Say No to “Fedified” in Fediverse #SNFF

#SNFF #fedified #antiFedified

An Open Letter regarding centralization processes in the Fediverse

As a bunch of fediverse inhabitants, we invite both individualities and collectives to question about fediverse dynamics. We have been focussing on software and protocols, and we have gone beyond those. A part of our discussions dwelt on which interactions we borrow from the data‑extractivist centralised social networks – even unconsciously, as a matter of social network imprinting.
Particularly, we noted that some of the dynamics we deem harmful for the networks – so that, the relation networks we try to build in-and-outside the fediverse everyday – are the bread and butter of social networks out there. That is due to “equivocal” design choices, at the very least, if not made on purpose to steer engagement tickling anti-social vanities of humankind, and thus profit. Aral Balkan called that business model “people farming” (here an example).

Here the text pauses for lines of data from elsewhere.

(* Let $f$ be an orientation-preserving homeomorphism of the circle $\mathbb T=\mathbb R/\mathbb Z$ whose rotation number $\rho(f)$ is rational. Assume $f$ is not topologically conjugate to a rotation. Then ${\rm h_{pol}}(f)=1$.
   Context: The rotation number of $f$ is the class in $\mathbb T$ of $\lim_{n\to\infty}F^n(x)/n$ for a lift $F:\mathbb R\to\mathbb R$ of $f$ (independent of $x$). Polynomial entropy: with $d_n^f(x,y)=\max_{0\le k\le n-1}d(f^k(x),f^k(y))$ for the standard metric $d$ on $\mathbb T$ and $G_n^f(\varepsilon)$ the minimal number of $d_n^f$-balls of radius $\varepsilon$ covering $\mathbb T$, ${\rm h_{pol}}(f)=\lim_{\varepsilon\to0}\limsup_{n\to\infty}\frac{\log G_n^f(\varepsilon)}{\log n}$. *)

theory Defs
  imports "HOL-Analysis.Analysis"
begin

text \<open>The circle T = R/Z is represented by the fundamental domain {0..<1}; a real number
  represents its class, and the projection to the fundamental domain is frac.\<close>

definition circle :: "real set" where
  "circle = {0..<1}"

definition circ_dist :: "real \<Rightarrow> real \<Rightarrow> real" where
  "circ_dist x y = \<bar>x - y - of_int (round (x - y))\<bar>"

text \<open>Lifts of orientation-preserving homeomorphisms of T: continuous strictly increasing
  maps R \<rightarrow> R commuting with the unit translation.\<close>
definition circle_lift :: "(real \<Rightarrow> real) \<Rightarrow> bool" where
  "circle_lift F \<longleftrightarrow> continuous_on UNIV F \<and> strict_mono F \<and> (\<forall>x. F (x + 1) = F x + 1)"

definition circ_map :: "(real \<Rightarrow> real) \<Rightarrow> real \<Rightarrow> real" where
  "circ_map F x = frac (F x)"

text \<open>Rotation number (as real number; its class in T is the rotation number of f).\<close>
definition rot_num :: "(real \<Rightarrow> real) \<Rightarrow> real" where
  "rot_num F = lim (\<lambda>n. (F ^^ n) 0 / real n)"

definition rotation :: "real \<Rightarrow> real \<Rightarrow> real" where
  "rotation a x = frac (x + a)"

definition circ_continuous :: "(real \<Rightarrow> real) \<Rightarrow> bool" where
  "circ_continuous h \<longleftrightarrow> (\<forall>x\<in>circle. \<forall>e>0. \<exists>d>0. \<forall>y\<in>circle.
       circ_dist x y < d \<longrightarrow> circ_dist (h x) (h y) < e)"

definition circ_homeomorphism :: "(real \<Rightarrow> real) \<Rightarrow> (real \<Rightarrow> real) \<Rightarrow> bool" where
  "circ_homeomorphism h g \<longleftrightarrow>
     h ` circle \<subseteq> circle \<and> g ` circle \<subseteq> circle \<and>
     (\<forall>x\<in>circle. g (h x) = x) \<and> (\<forall>y\<in>circle. h (g y) = y) \<and>
     circ_continuous h \<and> circ_continuous g"

definition conj_to_rotation :: "(real \<Rightarrow> real) \<Rightarrow> bool" where
  "conj_to_rotation F \<longleftrightarrow> (\<exists>h g a. circ_homeomorphism h g \<and>
      (\<forall>x\<in>circle. h (circ_map F x) = rotation a (h x)))"

definition bowen_dist :: "(real \<Rightarrow> real) \<Rightarrow> nat \<Rightarrow> real \<Rightarrow> real \<Rightarrow> real" where
  "bowen_dist F n x y = Max {circ_dist ((circ_map F ^^ k) x) ((circ_map F ^^ k) y) | k. k < n}"

definition cover_num :: "(real \<Rightarrow> real) \<Rightarrow> nat \<Rightarrow> real \<Rightarrow> nat" where
  "cover_num F n eps = Inf {card C | C. finite C \<and> C \<subseteq> circle \<and>
      (\<forall>x\<in>circle. \<exists>c\<in>C. bowen_dist F n x c < eps)}"

definition hpol_eps :: "(real \<Rightarrow> real) \<Rightarrow> real \<Rightarrow> ereal" where
  "hpol_eps F eps = limsup (\<lambda>n. ereal (ln (real (cover_num F n eps)) / ln (real n)))"

end

theory Submission
  imports Defs
begin

text \<open>Let \<open>p / q\<close> be the rotation number and \<open>G = F\<^sup>q - p\<close>. The orbits of \<open>G\<close> are bounded,
  so \<open>G\<close> has a fixed point \<open>a\<close>. As \<open>f\<close> is not conjugate to a rotation, \<open>G\<close> is not the identity
  (otherwise the average of \<open>F\<^sup>k\<close> over \<open>k < q\<close> would conjugate \<open>F\<close> to the translation by
  \<open>p / q\<close>), so some \<open>c\<close> between \<open>a\<close> and \<open>a + 1\<close> is moved by \<open>G\<close>, say upwards. The points
  \<open>u\<^sub>i\<close> with \<open>G\<^sup>i u\<^sub>i = c\<close> stay a fixed distance \<open>\<sigma>\<close> apart at time \<open>i\<close>, so for \<open>2 \<epsilon> \<le> \<sigma>\<close>
  about \<open>n / q\<close> balls are needed to cover the circle in the metric \<open>d\<^sub>n\<close>. Conversely, cutting
  the circle at the points whose first \<open>n\<close> images lie on the grid \<open>\<int> / N\<close>, \<open>N > 1 / \<epsilon>\<close>,
  gives at most \<open>n N + 1\<close> arcs of \<open>d\<^sub>n\<close>-diameter less than \<open>\<epsilon>\<close>. So \<open>G\<^sub>n(\<epsilon>)\<close> grows linearly
  in \<open>n\<close> for all small \<open>\<epsilon>\<close>, and \<open>log G\<^sub>n(\<epsilon>) / log n \<rightarrow> 1\<close>.\<close>

subsection \<open>Lifts of circle homeomorphisms\<close>

lemma unit_periodic_add_of_int:
  fixes K :: "real \<Rightarrow> real"
  assumes "\<And>x. K (x + 1) = K x + 1"
  shows "K (x + of_int m) = K x + of_int m"
proof (induction m arbitrary: x rule: int_induct[where k = 0])
  case base
  then show ?case by simp
next
  case (step1 i)
  then show ?case using assms[of "x + of_int i"] by (simp add: add.assoc)
next
  case (step2 i)
  then show ?case using assms[of "x + of_int (i - 1)"] by (simp add: add.assoc)
qed

lemma frac_unit_periodic_frac:
  fixes K :: "real \<Rightarrow> real"
  assumes "\<And>x. K (x + 1) = K x + 1"
  shows "frac (K (frac y)) = frac (K y)"
proof -
  have "K (frac y) = K y + of_int (- \<lfloor>y\<rfloor>)"
    using unit_periodic_add_of_int[where K = K, OF assms, of y "- \<lfloor>y\<rfloor>"]
    by (simp add: frac_def)
  then show ?thesis by (simp add: frac_def)
qed

lemma circle_lift_add_1: "circle_lift F \<Longrightarrow> F (x + 1) = F x + 1"
  by (simp add: circle_lift_def)

lemma circle_lift_add_of_int: "circle_lift F \<Longrightarrow> F (x + of_int m) = F x + of_int m"
  by (rule unit_periodic_add_of_int) (simp add: circle_lift_def)

lemma circle_lift_continuous_on: "circle_lift F \<Longrightarrow> continuous_on S F"
  unfolding circle_lift_def using continuous_on_subset by blast

lemma circle_lift_less_iff: "circle_lift F \<Longrightarrow> F x < F y \<longleftrightarrow> x < y"
  unfolding circle_lift_def using strict_mono_less by blast

lemma circle_lift_le_iff: "circle_lift F \<Longrightarrow> F x \<le> F y \<longleftrightarrow> x \<le> y"
  unfolding circle_lift_def using strict_mono_less_eq by blast

lemma circle_lift_compose: "circle_lift F \<Longrightarrow> circle_lift G \<Longrightarrow> circle_lift (F \<circ> G)"
  unfolding circle_lift_def
  by (auto intro: continuous_on_compose2 strict_mono_o simp: strict_mono_def)

lemma circle_lift_funpow: "circle_lift F \<Longrightarrow> circle_lift (F ^^ n)"
proof (induction n)
  case 0
  show ?case by (simp add: circle_lift_def strict_mono_def)
next
  case (Suc n)
  then show ?case using circle_lift_compose[OF Suc.prems Suc.IH] by (simp add: comp_def)
qed

lemma circle_lift_diff_const: "circle_lift F \<Longrightarrow> circle_lift (\<lambda>x. F x - c)"
  unfolding circle_lift_def by (auto intro!: continuous_intros simp: strict_mono_def)

lemma circle_lift_reflect:
  assumes "circle_lift F"
  shows "circle_lift (\<lambda>x. - F (- x))"
proof -
  have "F (- x - 1) = F (- x) - 1" for x
    using circle_lift_add_1[OF assms, of "- x - 1"] by simp
  then show ?thesis using assms unfolding circle_lift_def
    by (auto intro!: continuous_intros continuous_on_compose2[of UNIV F] simp: strict_mono_def)
qed

lemma funpow_reflect:
  fixes F :: "real \<Rightarrow> real"
  shows "((\<lambda>x. - F (- x)) ^^ n) x = - (F ^^ n) (- x)"
  by (induction n) (simp_all add: funpow.simps)

lemma circle_lift_displacement:
  assumes "circle_lift F"
  shows "\<bar>F x - x - F 0\<bar> < 1"
proof -
  have "F x = F (frac x) + of_int \<lfloor>x\<rfloor>"
    using circle_lift_add_of_int[OF assms, of "frac x" "\<lfloor>x\<rfloor>"] by (simp add: frac_def)
  moreover have "F 0 \<le> F (frac x)"
    using circle_lift_le_iff[OF assms] by simp
  moreover have "F (frac x) < F 0 + 1"
    using circle_lift_less_iff[OF assms, of "frac x" 1] circle_lift_add_1[OF assms, of 0]
    by (simp add: frac_lt_1)
  ultimately show ?thesis using frac_ge_0[of x] frac_lt_1[of x] unfolding frac_def by linarith
qed

subsection \<open>The circle metric\<close>

lemma circ_dist_le: "circ_dist x y \<le> \<bar>x - y - of_int m\<bar>"
  unfolding circ_dist_def by (rule round_diff_minimal)

lemma circ_dist_le_abs: "circ_dist x y \<le> \<bar>x - y\<bar>"
  using circ_dist_le[of x y 0] by simp

lemma circ_dist_commute: "circ_dist x y = circ_dist y x"
  using circ_dist_le[of y x "- round (x - y)"] circ_dist_le[of x y "- round (y - x)"]
  unfolding circ_dist_def by (simp add: abs_minus_commute algebra_simps)

lemma circ_dist_add_of_int: "circ_dist (x + of_int m) y = circ_dist x y"
  using circ_dist_le[of "x + of_int m" y "round (x - y) + m"]
    circ_dist_le[of x y "round (x + of_int m - y) - m"]
  unfolding circ_dist_def by (simp add: algebra_simps)

lemma circ_dist_add_of_int_right: "circ_dist x (y + of_int m) = circ_dist x y"
  using circ_dist_add_of_int circ_dist_commute by metis

lemma circ_dist_frac: "circ_dist (frac x) (frac y) = circ_dist x y"
  by (metis circ_dist_add_of_int circ_dist_add_of_int_right diff_conv_add_uminus frac_def
      of_int_minus)

lemma circ_dist_minus: "circ_dist (- x) (- y) = circ_dist x y"
  using circ_dist_commute[of x y] unfolding circ_dist_def by simp

lemma circ_dist_triangle: "circ_dist x z \<le> circ_dist x y + circ_dist y z"
proof -
  have "circ_dist x z \<le> \<bar>x - z - of_int (round (x - y) + round (y - z))\<bar>"
    by (rule circ_dist_le)
  also have "\<dots> \<le> circ_dist x y + circ_dist y z"
    unfolding circ_dist_def by simp
  finally show ?thesis .
qed

lemma circ_dist_ge_min:
  assumes "s \<le> x - y" "x - y \<le> t" "0 < s" "t < 1"
  shows "min s (1 - t) \<le> circ_dist x y"
proof (cases "round (x - y) \<le> 0")
  case True
  then have "real_of_int (round (x - y)) \<le> 0" by simp
  then show ?thesis using assms unfolding circ_dist_def by (simp add: abs_if min_def)
next
  case False
  then have "real_of_int (round (x - y)) \<ge> 1" by simp
  then show ?thesis using assms unfolding circ_dist_def by (simp add: abs_if min_def)
qed

lemma circ_map_funpow_frac:
  assumes "circle_lift F"
  shows "(circ_map F ^^ k) (frac x) = frac ((F ^^ k) x)"
proof (induction k)
  case (Suc k)
  then show ?case
    using frac_unit_periodic_frac[of F "(F ^^ k) x"] circle_lift_add_1[OF assms]
    by (simp add: circ_map_def)
qed simp

lemma circ_dist_circ_map_funpow:
  assumes "circle_lift F"
  shows "circ_dist ((circ_map F ^^ k) (frac x)) ((circ_map F ^^ k) (frac y))
    = circ_dist ((F ^^ k) x) ((F ^^ k) y)"
  by (simp add: circ_map_funpow_frac[OF assms] circ_dist_frac)

subsection \<open>Rotation number\<close>

lemma circle_lift_funpow_add_0:
  assumes "circle_lift F"
  shows "\<bar>(F ^^ (m + n)) 0 - (F ^^ m) 0 - (F ^^ n) 0\<bar> < 1"
  using circle_lift_displacement[OF circle_lift_funpow[OF assms, of m], of "(F ^^ n) 0"]
  by (simp add: funpow_add)

lemma circle_lift_funpow_mult_0:
  assumes "circle_lift F"
  shows "\<bar>(F ^^ (k * m)) 0 - real k * (F ^^ m) 0\<bar> \<le> real k"
proof (induction k)
  case (Suc k)
  have "\<bar>(F ^^ (m + k * m)) 0 - (F ^^ m) 0 - (F ^^ (k * m)) 0\<bar> < 1"
    by (rule circle_lift_funpow_add_0[OF assms])
  with Suc show ?case by (simp add: algebra_simps abs_le_iff abs_less_iff)
qed simp

lemma circle_lift_funpow_mult_ratio:
  assumes "circle_lift F" "k > 0" "m > 0"
  shows "\<bar>(F ^^ (k * m)) 0 / (real k * real m) - (F ^^ m) 0 / real m\<bar> \<le> 1 / real m"
proof -
  have "\<bar>(F ^^ (k * m)) 0 / (real k * real m) - (F ^^ m) 0 / real m\<bar>
      = \<bar>(F ^^ (k * m)) 0 - real k * (F ^^ m) 0\<bar> / (real k * real m)"
    using assms by (simp add: field_simps abs_divide)
  also have "\<dots> \<le> real k / (real k * real m)"
    by (rule divide_right_mono[OF circle_lift_funpow_mult_0[OF assms(1)]]) simp
  also have "\<dots> = 1 / real m"
    using assms by simp
  finally show ?thesis .
qed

The recent events in the fediverse steers us onto multi-level reflections about virtual identities, anonymity, community-driven platforms, and personal branding. Once again we witness an exodus of accounts from Twitter to the fediverse and – we hope – to many, different nodes, approaches, programs, with new instances that are founded day by day.

That is desirable, the fact that people experience what federation means. Sadly, we saw phenomena that were against the concept of fediverse itself and that worried us early on. Among those, we count the “Fedified” list curated by an individual who claims to act as a self-proclaimed authority.
For the sake, anyone is free to join a group and make of it what they want, for instance the “Awesome Fediverse Acquaintances” or the many more examples offered by the lists of people with shared interests. However, creating a central authority in a federated context is something else – and we stop here not to give authors unhealthy suggestions. Moreover, the creation of a centralized verification process, a tool that is not only meaningless, but also unaware of existing verification methods, threatens to reproduce elitarian hierarchical structures that are at odds with fediverse culture.

Several Italophone accounts that changed their profile against the centralised certification methods on online communities.

We’ve always been for equality, “kaos”, anonymity or pseudonymity, multi-accounts, and guerrilla marketing. We stand for fragmentation of identities and their free recomposition.
The fediverse itself stands (and has always stood) as a safer place for those who escape from “people farming” social networks and online harassment awarded by that “farming”. Thus, we fear that the proliferation of these examples, if not challenged, might lead to an erosion of those founding values that we all care about.
We thus encourage both newcomers and old-timers to keep these same values alive and preserve our communal spaces by opposing such centralising phenomenon, and by being aware of your surrounding instances. We think that it is a “hot” topic to address together, and that it will stay “cool” in the future due to the nature of social-network communication as self-representation.